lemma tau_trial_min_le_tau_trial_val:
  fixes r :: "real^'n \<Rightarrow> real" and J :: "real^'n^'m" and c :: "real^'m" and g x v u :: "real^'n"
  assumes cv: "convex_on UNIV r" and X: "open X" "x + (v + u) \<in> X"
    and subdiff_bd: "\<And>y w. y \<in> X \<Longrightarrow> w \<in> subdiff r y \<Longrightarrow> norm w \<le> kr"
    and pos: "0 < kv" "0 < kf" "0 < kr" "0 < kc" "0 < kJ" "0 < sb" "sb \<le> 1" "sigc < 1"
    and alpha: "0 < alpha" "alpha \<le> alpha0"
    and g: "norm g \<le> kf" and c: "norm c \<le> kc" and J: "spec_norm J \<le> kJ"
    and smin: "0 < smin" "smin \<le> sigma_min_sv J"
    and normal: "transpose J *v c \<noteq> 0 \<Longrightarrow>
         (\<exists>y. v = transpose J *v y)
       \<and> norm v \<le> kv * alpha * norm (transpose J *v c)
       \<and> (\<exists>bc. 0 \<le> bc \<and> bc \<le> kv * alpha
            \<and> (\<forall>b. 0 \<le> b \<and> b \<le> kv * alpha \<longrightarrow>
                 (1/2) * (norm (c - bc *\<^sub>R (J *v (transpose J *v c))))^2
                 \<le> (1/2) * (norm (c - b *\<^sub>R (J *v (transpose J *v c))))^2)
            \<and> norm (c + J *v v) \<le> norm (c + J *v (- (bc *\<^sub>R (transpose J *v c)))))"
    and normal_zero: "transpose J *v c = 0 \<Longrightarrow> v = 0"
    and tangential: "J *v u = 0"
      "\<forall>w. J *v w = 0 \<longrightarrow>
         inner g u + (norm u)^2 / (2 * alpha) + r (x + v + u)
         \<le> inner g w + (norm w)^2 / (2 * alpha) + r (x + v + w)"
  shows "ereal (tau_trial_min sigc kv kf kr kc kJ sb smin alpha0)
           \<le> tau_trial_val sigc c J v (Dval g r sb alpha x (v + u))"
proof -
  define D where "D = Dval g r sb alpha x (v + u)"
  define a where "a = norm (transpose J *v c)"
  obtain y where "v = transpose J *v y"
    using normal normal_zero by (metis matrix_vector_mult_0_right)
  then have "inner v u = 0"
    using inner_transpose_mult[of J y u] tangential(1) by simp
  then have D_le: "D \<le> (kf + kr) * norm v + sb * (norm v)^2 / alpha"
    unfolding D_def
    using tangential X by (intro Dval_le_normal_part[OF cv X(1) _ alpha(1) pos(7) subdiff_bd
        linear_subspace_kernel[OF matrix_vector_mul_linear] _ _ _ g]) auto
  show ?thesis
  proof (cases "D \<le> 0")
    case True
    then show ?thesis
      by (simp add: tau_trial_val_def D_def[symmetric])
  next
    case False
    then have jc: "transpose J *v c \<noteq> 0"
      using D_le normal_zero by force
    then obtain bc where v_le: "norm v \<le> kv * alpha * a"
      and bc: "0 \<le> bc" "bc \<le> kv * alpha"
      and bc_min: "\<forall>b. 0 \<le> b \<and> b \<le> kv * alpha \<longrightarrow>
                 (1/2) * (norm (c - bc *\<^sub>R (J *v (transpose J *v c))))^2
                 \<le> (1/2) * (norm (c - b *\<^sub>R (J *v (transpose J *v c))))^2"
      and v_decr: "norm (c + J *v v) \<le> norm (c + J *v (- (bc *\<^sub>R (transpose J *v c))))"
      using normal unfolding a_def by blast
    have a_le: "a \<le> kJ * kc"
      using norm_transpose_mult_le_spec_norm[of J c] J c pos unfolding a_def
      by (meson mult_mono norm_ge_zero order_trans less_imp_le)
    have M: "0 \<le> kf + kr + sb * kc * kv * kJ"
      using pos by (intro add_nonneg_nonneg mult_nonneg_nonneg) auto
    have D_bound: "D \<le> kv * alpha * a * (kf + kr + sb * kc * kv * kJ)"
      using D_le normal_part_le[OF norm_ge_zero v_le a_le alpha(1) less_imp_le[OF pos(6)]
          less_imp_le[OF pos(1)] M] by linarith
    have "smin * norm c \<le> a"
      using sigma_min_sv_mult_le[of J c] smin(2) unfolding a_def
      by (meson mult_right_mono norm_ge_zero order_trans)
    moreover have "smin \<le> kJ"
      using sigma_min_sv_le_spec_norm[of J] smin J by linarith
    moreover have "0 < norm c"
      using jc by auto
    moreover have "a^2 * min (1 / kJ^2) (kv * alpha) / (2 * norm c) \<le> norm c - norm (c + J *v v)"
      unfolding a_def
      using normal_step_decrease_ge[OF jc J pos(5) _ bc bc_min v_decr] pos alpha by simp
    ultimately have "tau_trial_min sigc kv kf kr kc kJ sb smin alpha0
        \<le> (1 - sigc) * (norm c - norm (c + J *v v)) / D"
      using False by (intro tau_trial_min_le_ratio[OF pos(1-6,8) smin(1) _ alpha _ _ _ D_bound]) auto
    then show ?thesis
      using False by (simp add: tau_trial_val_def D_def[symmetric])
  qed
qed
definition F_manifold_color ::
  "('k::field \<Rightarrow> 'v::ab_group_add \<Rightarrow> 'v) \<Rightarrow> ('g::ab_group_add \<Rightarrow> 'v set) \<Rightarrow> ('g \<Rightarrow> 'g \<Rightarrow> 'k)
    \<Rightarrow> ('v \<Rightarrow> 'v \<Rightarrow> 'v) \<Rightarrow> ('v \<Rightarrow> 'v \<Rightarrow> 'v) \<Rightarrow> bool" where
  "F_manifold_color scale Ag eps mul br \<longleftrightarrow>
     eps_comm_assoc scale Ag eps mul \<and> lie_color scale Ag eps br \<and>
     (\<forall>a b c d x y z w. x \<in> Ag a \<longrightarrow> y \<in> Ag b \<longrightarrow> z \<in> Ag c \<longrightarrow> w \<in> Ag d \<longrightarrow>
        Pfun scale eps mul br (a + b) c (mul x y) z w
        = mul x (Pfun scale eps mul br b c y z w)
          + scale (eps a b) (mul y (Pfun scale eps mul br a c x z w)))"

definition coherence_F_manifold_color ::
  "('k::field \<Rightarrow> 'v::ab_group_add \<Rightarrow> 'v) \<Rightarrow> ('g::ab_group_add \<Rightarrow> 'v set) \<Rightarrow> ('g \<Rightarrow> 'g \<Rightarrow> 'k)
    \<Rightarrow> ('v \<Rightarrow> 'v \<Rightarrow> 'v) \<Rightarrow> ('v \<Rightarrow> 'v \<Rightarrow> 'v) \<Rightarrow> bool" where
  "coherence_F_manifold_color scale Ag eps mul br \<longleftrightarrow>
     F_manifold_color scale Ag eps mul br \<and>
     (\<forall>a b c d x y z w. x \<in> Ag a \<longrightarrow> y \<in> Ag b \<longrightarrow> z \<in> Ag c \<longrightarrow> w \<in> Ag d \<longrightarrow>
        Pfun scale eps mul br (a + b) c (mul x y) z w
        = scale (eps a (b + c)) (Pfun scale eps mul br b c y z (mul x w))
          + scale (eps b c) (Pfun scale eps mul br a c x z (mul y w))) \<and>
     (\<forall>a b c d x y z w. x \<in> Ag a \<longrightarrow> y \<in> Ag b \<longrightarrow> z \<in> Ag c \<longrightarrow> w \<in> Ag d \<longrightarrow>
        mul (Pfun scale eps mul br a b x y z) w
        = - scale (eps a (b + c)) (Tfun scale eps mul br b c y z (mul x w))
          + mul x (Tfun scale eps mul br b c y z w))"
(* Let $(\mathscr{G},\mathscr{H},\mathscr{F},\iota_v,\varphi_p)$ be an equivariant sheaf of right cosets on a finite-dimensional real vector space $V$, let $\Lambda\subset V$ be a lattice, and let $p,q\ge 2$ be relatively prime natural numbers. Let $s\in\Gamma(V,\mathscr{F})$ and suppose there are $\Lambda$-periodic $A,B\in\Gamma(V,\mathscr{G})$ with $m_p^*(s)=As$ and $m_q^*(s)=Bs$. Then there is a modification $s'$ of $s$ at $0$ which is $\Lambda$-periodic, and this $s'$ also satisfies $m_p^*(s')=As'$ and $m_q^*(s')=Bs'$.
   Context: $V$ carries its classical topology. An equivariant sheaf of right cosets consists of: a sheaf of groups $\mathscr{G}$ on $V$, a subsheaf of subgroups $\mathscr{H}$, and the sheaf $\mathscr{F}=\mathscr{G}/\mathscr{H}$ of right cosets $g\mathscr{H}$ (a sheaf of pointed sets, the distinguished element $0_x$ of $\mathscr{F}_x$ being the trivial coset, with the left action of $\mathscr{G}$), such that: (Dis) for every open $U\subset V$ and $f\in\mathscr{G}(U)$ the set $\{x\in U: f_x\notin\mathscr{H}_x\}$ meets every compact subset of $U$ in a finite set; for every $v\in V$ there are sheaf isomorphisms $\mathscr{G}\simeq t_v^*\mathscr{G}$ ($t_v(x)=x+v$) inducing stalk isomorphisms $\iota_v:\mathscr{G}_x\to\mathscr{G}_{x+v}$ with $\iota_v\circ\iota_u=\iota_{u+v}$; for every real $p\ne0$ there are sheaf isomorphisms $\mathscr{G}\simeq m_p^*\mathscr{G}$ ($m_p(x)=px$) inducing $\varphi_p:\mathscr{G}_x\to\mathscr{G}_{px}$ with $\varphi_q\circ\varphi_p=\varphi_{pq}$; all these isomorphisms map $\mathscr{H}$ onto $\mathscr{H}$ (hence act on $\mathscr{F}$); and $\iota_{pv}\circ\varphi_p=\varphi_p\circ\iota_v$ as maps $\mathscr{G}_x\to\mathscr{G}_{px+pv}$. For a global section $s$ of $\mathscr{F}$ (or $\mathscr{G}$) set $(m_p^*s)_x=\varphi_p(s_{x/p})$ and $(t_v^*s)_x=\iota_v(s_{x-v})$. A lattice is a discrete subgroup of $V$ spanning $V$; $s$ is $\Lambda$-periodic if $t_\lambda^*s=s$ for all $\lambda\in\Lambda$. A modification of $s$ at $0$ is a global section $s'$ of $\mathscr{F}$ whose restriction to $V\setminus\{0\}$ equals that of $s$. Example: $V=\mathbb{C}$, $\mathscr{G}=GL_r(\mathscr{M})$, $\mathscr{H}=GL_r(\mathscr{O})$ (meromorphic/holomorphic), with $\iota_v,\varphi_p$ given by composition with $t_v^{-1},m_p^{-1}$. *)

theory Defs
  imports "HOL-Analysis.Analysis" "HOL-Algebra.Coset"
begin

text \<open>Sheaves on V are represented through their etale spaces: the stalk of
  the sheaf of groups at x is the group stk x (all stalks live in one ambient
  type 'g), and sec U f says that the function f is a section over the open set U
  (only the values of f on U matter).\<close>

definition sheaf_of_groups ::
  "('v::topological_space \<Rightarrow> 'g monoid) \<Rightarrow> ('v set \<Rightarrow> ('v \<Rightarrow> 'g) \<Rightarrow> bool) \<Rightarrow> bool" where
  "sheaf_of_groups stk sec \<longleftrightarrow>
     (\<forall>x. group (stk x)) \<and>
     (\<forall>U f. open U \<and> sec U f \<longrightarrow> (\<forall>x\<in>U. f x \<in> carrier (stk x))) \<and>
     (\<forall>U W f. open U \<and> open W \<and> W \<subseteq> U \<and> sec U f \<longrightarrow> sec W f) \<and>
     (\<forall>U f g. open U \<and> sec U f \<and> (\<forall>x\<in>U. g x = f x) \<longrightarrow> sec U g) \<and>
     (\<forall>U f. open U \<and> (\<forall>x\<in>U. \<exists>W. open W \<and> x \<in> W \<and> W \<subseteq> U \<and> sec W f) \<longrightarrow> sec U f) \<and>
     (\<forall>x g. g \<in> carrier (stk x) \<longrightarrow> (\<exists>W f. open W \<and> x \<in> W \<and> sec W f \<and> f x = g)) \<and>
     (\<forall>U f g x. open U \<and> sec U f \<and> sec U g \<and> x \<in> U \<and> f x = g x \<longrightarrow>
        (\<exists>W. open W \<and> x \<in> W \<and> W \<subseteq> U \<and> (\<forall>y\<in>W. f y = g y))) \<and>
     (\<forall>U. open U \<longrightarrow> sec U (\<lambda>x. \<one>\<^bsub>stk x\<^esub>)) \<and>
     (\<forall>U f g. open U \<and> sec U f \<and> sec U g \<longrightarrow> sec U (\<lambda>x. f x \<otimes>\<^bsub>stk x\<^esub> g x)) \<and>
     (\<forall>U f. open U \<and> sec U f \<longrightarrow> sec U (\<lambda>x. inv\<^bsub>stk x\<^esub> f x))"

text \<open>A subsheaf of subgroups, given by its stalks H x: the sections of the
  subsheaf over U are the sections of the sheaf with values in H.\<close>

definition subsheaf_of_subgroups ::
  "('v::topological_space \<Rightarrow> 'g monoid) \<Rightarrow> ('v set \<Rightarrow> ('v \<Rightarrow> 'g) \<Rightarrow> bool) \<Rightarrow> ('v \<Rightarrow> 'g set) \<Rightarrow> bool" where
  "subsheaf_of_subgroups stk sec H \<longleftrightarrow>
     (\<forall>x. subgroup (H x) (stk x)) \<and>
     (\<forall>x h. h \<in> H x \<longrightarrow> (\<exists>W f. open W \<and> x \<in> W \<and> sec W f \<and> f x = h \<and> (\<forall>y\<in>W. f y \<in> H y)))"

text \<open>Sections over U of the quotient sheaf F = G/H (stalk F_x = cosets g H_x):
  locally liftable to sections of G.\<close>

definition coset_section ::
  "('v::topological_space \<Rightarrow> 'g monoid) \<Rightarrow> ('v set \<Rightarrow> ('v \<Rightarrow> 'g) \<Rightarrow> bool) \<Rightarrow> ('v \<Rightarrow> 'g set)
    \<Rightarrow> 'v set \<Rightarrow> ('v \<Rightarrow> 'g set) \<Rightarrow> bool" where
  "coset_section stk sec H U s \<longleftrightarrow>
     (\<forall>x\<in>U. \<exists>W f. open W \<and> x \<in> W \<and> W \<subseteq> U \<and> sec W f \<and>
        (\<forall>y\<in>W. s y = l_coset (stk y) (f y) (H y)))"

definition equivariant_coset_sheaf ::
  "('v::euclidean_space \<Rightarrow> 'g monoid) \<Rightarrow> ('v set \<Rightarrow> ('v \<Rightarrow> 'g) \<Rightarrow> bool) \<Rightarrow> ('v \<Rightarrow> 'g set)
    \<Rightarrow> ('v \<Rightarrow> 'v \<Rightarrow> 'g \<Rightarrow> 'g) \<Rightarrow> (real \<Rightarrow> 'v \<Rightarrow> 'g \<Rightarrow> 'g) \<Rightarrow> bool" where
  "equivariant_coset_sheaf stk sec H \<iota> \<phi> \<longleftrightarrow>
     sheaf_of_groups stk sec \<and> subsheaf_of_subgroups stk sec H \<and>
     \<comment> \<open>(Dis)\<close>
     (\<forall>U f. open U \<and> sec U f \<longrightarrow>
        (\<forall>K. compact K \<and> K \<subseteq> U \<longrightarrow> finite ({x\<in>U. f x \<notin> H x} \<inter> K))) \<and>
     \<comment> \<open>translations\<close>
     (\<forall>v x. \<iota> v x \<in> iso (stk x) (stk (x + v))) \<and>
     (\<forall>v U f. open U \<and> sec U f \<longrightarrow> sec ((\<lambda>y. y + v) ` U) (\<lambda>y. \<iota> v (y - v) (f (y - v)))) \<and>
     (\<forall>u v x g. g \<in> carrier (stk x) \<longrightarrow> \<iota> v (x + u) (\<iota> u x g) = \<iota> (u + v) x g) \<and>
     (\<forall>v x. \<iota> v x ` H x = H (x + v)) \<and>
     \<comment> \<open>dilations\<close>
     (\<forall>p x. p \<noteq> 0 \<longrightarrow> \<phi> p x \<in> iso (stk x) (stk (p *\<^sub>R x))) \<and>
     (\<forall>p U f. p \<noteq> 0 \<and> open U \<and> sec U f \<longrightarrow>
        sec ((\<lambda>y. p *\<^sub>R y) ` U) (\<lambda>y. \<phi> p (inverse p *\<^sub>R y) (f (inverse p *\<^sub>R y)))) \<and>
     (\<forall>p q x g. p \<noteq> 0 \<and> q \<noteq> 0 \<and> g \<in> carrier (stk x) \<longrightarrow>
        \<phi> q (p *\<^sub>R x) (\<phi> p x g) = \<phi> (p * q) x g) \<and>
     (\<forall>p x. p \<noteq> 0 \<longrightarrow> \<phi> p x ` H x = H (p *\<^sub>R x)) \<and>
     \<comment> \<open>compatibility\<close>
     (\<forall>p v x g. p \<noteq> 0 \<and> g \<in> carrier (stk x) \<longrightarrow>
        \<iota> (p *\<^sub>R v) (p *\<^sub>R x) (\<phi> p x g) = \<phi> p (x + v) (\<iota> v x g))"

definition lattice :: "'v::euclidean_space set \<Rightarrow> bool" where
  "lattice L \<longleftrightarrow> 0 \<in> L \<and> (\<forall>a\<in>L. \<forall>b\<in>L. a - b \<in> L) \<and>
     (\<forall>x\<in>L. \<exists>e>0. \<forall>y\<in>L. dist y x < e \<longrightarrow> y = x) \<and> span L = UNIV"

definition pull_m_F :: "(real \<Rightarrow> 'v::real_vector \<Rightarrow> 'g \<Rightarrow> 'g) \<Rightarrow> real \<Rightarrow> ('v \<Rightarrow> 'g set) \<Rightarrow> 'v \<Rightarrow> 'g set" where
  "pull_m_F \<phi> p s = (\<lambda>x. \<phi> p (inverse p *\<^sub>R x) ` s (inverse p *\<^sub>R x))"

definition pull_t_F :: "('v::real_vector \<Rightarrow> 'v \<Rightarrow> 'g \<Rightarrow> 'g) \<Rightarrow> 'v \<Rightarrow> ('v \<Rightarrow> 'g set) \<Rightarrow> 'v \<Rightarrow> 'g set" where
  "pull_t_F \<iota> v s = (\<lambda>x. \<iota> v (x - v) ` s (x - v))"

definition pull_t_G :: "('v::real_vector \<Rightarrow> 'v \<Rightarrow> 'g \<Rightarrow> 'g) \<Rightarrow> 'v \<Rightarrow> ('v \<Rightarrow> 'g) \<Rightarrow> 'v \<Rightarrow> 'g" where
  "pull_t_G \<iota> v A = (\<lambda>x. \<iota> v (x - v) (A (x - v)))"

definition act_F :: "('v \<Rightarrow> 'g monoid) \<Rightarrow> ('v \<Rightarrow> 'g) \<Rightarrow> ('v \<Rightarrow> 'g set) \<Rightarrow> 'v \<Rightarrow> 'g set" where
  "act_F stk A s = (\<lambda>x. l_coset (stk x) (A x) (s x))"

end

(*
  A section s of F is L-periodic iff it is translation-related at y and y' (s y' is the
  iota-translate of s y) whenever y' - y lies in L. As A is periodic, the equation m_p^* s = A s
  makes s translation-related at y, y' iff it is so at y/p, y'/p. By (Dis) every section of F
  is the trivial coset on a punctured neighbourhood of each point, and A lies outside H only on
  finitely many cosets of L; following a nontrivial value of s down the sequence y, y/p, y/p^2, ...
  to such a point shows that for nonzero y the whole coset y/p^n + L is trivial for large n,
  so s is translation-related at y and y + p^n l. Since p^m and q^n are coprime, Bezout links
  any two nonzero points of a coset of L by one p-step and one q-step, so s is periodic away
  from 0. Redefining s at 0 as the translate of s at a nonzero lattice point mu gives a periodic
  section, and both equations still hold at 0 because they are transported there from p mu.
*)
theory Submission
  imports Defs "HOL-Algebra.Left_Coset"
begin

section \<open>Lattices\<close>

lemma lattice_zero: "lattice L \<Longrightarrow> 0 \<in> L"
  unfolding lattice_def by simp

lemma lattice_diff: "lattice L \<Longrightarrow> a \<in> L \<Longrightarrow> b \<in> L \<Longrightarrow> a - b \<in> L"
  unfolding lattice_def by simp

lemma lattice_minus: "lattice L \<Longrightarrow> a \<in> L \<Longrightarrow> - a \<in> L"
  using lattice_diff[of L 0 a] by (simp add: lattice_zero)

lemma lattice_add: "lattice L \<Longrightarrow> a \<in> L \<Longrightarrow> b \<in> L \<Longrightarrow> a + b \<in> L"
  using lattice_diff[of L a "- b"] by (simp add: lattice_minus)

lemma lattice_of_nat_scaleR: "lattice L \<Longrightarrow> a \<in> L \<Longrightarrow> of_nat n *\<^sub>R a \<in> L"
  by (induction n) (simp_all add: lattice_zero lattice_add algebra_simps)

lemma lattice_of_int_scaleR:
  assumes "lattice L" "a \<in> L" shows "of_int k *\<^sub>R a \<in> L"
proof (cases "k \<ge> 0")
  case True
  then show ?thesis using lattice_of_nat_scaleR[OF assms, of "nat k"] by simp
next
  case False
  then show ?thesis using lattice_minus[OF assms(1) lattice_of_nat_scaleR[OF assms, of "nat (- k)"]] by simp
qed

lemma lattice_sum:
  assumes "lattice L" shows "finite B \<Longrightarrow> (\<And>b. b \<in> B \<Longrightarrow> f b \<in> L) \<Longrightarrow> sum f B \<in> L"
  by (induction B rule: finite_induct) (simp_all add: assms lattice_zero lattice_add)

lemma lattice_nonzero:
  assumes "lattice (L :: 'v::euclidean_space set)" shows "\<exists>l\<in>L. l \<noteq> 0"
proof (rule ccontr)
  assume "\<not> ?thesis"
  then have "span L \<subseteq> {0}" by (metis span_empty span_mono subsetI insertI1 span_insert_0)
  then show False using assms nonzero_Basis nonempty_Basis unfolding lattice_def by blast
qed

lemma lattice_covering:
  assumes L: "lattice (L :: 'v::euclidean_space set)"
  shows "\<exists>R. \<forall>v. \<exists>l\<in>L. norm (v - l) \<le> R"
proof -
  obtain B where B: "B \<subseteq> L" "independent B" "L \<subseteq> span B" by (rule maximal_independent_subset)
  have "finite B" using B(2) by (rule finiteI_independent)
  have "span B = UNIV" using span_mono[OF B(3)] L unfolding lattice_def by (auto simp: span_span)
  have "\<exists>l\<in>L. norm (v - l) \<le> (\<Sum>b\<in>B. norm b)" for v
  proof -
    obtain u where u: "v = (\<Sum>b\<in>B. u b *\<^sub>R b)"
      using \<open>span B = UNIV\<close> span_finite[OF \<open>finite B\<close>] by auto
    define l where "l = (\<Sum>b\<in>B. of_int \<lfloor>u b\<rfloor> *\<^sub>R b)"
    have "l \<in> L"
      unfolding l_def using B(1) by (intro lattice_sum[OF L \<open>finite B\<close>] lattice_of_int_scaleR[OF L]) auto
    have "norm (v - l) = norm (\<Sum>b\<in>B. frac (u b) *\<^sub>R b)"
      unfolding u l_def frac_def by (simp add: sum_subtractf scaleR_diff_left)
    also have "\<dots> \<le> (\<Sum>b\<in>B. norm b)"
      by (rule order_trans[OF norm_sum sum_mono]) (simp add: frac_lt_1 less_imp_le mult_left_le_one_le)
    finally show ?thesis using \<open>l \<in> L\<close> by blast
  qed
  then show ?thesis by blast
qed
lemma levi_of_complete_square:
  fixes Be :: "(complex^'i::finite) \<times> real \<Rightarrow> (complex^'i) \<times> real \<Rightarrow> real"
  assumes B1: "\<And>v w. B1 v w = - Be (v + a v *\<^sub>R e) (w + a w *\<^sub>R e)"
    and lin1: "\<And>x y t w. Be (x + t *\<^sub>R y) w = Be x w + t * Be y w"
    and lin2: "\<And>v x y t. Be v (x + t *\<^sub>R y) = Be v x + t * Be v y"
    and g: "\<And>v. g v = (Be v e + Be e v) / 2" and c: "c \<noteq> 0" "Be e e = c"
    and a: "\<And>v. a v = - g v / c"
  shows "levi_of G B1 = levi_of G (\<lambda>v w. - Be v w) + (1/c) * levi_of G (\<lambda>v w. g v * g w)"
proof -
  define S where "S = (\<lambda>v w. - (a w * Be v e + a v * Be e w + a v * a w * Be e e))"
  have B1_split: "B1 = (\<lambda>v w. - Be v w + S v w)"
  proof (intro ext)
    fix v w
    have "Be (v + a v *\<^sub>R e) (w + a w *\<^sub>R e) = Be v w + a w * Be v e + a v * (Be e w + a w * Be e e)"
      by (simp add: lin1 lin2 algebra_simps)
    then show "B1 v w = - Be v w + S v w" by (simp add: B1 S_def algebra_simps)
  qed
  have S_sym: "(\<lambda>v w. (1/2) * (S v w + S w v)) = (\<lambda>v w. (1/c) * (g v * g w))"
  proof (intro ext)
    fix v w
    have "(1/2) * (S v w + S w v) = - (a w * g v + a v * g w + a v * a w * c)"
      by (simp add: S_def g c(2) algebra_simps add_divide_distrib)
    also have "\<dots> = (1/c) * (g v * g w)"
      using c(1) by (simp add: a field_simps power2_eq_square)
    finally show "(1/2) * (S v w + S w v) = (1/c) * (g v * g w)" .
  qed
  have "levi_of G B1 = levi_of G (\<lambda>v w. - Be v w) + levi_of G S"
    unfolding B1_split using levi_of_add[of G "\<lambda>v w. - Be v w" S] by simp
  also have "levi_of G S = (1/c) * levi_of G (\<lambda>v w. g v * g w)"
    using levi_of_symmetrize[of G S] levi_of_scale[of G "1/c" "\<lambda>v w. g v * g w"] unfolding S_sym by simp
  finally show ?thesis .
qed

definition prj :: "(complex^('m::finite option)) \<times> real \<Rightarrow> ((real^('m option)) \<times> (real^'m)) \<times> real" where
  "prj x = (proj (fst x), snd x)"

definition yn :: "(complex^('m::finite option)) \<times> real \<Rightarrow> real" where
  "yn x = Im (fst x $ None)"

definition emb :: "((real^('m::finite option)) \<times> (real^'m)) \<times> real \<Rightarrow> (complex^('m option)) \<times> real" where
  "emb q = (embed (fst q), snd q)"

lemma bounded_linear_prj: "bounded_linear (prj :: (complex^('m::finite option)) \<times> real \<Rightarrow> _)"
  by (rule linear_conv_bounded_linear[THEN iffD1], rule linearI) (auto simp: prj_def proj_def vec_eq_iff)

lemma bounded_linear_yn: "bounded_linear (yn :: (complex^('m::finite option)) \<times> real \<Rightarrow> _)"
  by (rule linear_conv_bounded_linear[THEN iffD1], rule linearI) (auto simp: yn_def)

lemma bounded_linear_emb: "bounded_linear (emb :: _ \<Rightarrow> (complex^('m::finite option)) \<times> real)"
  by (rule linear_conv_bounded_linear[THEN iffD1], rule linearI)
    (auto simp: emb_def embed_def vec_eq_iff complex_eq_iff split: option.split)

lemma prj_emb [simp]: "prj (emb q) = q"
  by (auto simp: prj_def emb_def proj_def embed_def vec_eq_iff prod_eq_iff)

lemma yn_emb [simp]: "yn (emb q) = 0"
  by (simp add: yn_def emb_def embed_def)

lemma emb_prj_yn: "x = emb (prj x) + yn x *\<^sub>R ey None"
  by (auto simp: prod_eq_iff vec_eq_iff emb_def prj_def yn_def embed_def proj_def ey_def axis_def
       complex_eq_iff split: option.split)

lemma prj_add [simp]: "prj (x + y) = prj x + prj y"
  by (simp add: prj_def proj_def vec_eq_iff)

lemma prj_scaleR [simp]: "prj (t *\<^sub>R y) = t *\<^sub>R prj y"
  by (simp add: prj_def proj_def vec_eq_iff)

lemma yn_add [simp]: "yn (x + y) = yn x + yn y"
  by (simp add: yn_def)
══════════
> [ASSIGNMENT]:
Restate word for word the lines of the data above, starting at the line containing "using jc by auto" and ending at the line containing "F_manifold_color scale Ag eps mul br \<and>", both included, and nothing more.

> [SOLUTION]:
      using jc by auto
    moreover have "a^2 * min (1 / kJ^2) (kv * alpha) / (2 * norm c) \<le> norm c - norm (c + J *v v)"
      unfolding a_def
      using normal_step_decrease_ge[OF jc J pos(5) _ bc bc_min v_decr] pos alpha by simp
    ultimately have "tau_trial_min sigc kv kf kr kc kJ sb smin alpha0
        \<le> (1 - sigc) * (norm c - norm (c + J *v v)) / D"
      using False by (intro tau_trial_min_le_ratio[OF pos(1-6,8) smin(1) _ alpha _ _ _ D_bound]) auto
    then show ?thesis
      using False by (simp add: tau_trial_val_def D_def[symmetric])
  qed
qed
definition F_manifold_color ::
  "('k::field \<Rightarrow> 'v::ab_group_add \<Rightarrow> 'v) \<Rightarrow> ('g::ab_group_add \<Rightarrow> 'v set) \<Rightarrow> ('g \<Rightarrow> 'g \<Rightarrow> 'k)
    \<Rightarrow> ('v \<Rightarrow> 'v \<Rightarrow> 'v) \<Rightarrow> ('v \<Rightarrow> 'v \<Rightarrow> 'v) \<Rightarrow> bool" where
  "F_manifold_color scale Ag eps mul br \<longleftrightarrow>
     eps_comm_assoc scale Ag eps mul \<and> lie_color scale Ag eps br \<and>
     (\<forall>a b c d x y z w. x \<in> Ag a \<longrightarrow> y \<in> Ag b \<longrightarrow> z \<in> Ag c \<longrightarrow> w \<in> Ag d \<longrightarrow>
        Pfun scale eps mul br (a + b) c (mul x y) z w
        = mul x (Pfun scale eps mul br b c y z w)
          + scale (eps a b) (mul y (Pfun scale eps mul br a c x z w)))"

definition coherence_F_manifold_color ::
  "('k::field \<Rightarrow> 'v::ab_group_add \<Rightarrow> 'v) \<Rightarrow> ('g::ab_group_add \<Rightarrow> 'v set) \<Rightarrow> ('g \<Rightarrow> 'g \<Rightarrow> 'k)
    \<Rightarrow> ('v \<Rightarrow> 'v \<Rightarrow> 'v) \<Rightarrow> ('v \<Rightarrow> 'v \<Rightarrow> 'v) \<Rightarrow> bool" where
  "coherence_F_manifold_color scale Ag eps mul br \<longleftrightarrow>
     F_manifold_color scale Ag eps mul br \<and>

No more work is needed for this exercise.